Entries shown.
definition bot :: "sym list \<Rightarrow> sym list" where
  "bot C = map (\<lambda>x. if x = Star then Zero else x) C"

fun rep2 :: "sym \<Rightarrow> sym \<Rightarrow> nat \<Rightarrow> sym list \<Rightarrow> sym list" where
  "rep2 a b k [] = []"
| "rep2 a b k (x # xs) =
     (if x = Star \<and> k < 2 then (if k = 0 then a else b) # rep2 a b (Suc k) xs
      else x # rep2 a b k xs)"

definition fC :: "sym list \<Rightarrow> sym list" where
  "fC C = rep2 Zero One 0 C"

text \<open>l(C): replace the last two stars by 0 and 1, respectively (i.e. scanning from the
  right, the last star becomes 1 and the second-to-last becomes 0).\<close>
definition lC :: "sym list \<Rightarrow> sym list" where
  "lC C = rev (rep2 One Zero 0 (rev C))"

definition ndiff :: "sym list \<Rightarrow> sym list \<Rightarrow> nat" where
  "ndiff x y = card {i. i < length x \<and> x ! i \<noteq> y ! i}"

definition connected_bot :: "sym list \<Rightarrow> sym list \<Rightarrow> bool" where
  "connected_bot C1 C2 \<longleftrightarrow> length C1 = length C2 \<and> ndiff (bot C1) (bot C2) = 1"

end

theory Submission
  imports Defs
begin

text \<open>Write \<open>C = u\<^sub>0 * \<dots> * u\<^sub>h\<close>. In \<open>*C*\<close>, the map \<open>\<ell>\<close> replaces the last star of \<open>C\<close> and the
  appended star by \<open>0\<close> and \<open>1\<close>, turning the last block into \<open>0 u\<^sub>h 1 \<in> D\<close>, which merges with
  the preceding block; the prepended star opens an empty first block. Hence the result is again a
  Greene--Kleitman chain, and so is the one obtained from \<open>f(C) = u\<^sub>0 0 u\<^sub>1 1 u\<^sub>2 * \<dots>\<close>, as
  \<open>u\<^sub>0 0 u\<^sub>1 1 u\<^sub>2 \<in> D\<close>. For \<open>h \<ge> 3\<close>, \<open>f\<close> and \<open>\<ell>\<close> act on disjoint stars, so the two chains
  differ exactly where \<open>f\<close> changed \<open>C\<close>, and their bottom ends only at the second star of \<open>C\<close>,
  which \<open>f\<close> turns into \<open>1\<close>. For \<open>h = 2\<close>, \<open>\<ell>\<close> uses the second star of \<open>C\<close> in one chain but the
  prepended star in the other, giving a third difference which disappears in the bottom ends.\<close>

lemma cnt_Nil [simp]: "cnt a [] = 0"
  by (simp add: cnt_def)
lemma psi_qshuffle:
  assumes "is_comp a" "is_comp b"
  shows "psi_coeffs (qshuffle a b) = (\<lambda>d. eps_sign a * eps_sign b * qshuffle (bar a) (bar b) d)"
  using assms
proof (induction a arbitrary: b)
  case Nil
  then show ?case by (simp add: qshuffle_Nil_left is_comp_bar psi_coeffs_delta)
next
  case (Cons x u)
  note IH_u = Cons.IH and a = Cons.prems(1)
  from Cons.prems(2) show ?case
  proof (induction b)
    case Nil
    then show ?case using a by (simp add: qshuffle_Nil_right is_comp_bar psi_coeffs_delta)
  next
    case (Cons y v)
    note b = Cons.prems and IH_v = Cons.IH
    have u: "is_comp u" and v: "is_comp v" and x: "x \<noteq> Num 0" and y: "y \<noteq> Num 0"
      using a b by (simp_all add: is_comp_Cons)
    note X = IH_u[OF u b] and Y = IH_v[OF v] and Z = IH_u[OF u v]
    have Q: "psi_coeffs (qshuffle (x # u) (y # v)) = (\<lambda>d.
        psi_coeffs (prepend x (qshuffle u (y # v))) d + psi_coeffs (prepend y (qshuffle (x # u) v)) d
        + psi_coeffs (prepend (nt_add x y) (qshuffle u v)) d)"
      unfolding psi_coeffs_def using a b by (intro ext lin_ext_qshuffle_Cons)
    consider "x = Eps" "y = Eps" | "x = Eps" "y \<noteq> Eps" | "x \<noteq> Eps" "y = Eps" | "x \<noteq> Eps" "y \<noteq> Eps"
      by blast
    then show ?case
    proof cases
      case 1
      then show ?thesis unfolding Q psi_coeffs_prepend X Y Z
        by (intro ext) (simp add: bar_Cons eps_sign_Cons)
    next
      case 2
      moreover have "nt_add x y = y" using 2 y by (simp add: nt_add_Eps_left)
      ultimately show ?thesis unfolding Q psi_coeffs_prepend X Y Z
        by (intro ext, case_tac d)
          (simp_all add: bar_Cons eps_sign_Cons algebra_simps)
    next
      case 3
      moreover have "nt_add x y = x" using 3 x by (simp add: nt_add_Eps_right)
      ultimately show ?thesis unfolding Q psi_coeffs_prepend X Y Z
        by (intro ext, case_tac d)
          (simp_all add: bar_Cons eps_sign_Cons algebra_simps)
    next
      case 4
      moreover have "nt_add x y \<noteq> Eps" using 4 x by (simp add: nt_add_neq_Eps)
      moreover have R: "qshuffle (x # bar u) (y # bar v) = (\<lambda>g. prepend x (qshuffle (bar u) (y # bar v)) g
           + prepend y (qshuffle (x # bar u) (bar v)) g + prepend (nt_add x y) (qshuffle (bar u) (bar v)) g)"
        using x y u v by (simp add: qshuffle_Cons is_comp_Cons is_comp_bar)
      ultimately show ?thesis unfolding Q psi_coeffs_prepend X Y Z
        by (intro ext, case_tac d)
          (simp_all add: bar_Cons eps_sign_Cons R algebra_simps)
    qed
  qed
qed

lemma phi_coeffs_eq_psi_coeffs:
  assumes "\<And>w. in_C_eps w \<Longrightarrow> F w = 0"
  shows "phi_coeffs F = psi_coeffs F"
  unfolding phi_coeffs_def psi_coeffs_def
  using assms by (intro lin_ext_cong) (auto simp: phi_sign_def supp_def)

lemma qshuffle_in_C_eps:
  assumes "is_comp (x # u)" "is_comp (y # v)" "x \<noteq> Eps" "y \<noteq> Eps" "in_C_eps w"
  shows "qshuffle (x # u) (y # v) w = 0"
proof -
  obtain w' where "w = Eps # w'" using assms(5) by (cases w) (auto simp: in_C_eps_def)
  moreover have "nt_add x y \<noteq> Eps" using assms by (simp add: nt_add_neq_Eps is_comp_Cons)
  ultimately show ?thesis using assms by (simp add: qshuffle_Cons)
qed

What to work on. Lines containing the word "into" must all be returned from the material above.

Response for this exercise.
  appended star by \<open>0\<close> and \<open>1\<close>, turning the last block into \<open>0 u\<^sub>h 1 \<in> D\<close>, which merges with
  which \<open>f\<close> turns into \<open>1\<close>. For \<open>h = 2\<close>, \<open>\<ell>\<close> uses the second star of \<open>C\<close> in one chain but the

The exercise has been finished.